[Opening Dataset entries section]
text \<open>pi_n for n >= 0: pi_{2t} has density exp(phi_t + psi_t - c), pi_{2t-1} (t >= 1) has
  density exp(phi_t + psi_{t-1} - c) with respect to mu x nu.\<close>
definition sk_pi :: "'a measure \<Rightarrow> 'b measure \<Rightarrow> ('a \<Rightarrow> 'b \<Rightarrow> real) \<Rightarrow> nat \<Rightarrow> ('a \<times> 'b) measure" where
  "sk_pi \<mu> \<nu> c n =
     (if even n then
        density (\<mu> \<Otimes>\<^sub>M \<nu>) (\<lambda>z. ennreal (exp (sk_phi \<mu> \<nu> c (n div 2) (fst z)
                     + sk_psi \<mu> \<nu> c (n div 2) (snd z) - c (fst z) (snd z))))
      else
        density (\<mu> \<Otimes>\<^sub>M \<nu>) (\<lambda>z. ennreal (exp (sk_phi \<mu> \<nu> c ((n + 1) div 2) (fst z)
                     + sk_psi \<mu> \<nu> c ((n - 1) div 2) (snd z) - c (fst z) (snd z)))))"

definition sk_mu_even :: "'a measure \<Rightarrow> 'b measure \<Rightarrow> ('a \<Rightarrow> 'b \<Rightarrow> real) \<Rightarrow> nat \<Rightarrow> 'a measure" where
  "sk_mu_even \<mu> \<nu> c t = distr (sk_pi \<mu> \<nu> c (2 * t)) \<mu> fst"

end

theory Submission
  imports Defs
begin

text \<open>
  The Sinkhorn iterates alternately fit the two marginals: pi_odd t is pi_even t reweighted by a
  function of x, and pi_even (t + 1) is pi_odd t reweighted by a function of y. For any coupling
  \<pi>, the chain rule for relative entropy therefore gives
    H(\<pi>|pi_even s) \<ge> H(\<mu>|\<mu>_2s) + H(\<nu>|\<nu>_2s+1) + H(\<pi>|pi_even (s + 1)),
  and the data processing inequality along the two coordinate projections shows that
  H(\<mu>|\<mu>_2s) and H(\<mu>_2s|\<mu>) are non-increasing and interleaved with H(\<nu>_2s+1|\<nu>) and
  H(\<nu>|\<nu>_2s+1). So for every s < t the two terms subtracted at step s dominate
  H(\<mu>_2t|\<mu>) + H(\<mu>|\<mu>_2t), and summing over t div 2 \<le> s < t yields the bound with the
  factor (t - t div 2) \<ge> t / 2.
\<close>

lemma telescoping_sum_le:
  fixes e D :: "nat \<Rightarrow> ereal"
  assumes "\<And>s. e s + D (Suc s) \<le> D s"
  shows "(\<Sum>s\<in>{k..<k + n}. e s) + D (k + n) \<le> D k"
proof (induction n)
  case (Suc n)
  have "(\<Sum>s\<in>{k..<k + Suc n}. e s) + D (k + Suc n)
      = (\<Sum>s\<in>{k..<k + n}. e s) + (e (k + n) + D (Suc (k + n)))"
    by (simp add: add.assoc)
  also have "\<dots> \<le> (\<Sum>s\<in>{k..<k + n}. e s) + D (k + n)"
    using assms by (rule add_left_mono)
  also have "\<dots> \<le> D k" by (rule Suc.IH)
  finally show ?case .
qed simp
[Closing Dataset entries section]
Exercise requirements
Your answer should be the exact lines above from the one with "((n - 1) div" through the one with "n) + D (Suc", both included, and nothing besides.

Response
                     + sk_psi \<mu> \<nu> c ((n - 1) div 2) (snd z) - c (fst z) (snd z)))))"

definition sk_mu_even :: "'a measure \<Rightarrow> 'b measure \<Rightarrow> ('a \<Rightarrow> 'b \<Rightarrow> real) \<Rightarrow> nat \<Rightarrow> 'a measure" where
  "sk_mu_even \<mu> \<nu> c t = distr (sk_pi \<mu> \<nu> c (2 * t)) \<mu> fst"

end

theory Submission
  imports Defs
begin

text \<open>
  The Sinkhorn iterates alternately fit the two marginals: pi_odd t is pi_even t reweighted by a
  function of x, and pi_even (t + 1) is pi_odd t reweighted by a function of y. For any coupling
  \<pi>, the chain rule for relative entropy therefore gives
    H(\<pi>|pi_even s) \<ge> H(\<mu>|\<mu>_2s) + H(\<nu>|\<nu>_2s+1) + H(\<pi>|pi_even (s + 1)),
  and the data processing inequality along the two coordinate projections shows that
  H(\<mu>|\<mu>_2s) and H(\<mu>_2s|\<mu>) are non-increasing and interleaved with H(\<nu>_2s+1|\<nu>) and
  H(\<nu>|\<nu>_2s+1). So for every s < t the two terms subtracted at step s dominate
  H(\<mu>_2t|\<mu>) + H(\<mu>|\<mu>_2t), and summing over t div 2 \<le> s < t yields the bound with the
  factor (t - t div 2) \<ge> t / 2.
\<close>

lemma telescoping_sum_le:
  fixes e D :: "nat \<Rightarrow> ereal"
  assumes "\<And>s. e s + D (Suc s) \<le> D s"
  shows "(\<Sum>s\<in>{k..<k + n}. e s) + D (k + n) \<le> D k"
proof (induction n)
  case (Suc n)
  have "(\<Sum>s\<in>{k..<k + Suc n}. e s) + D (k + Suc n)
      = (\<Sum>s\<in>{k..<k + n}. e s) + (e (k + n) + D (Suc (k + n)))"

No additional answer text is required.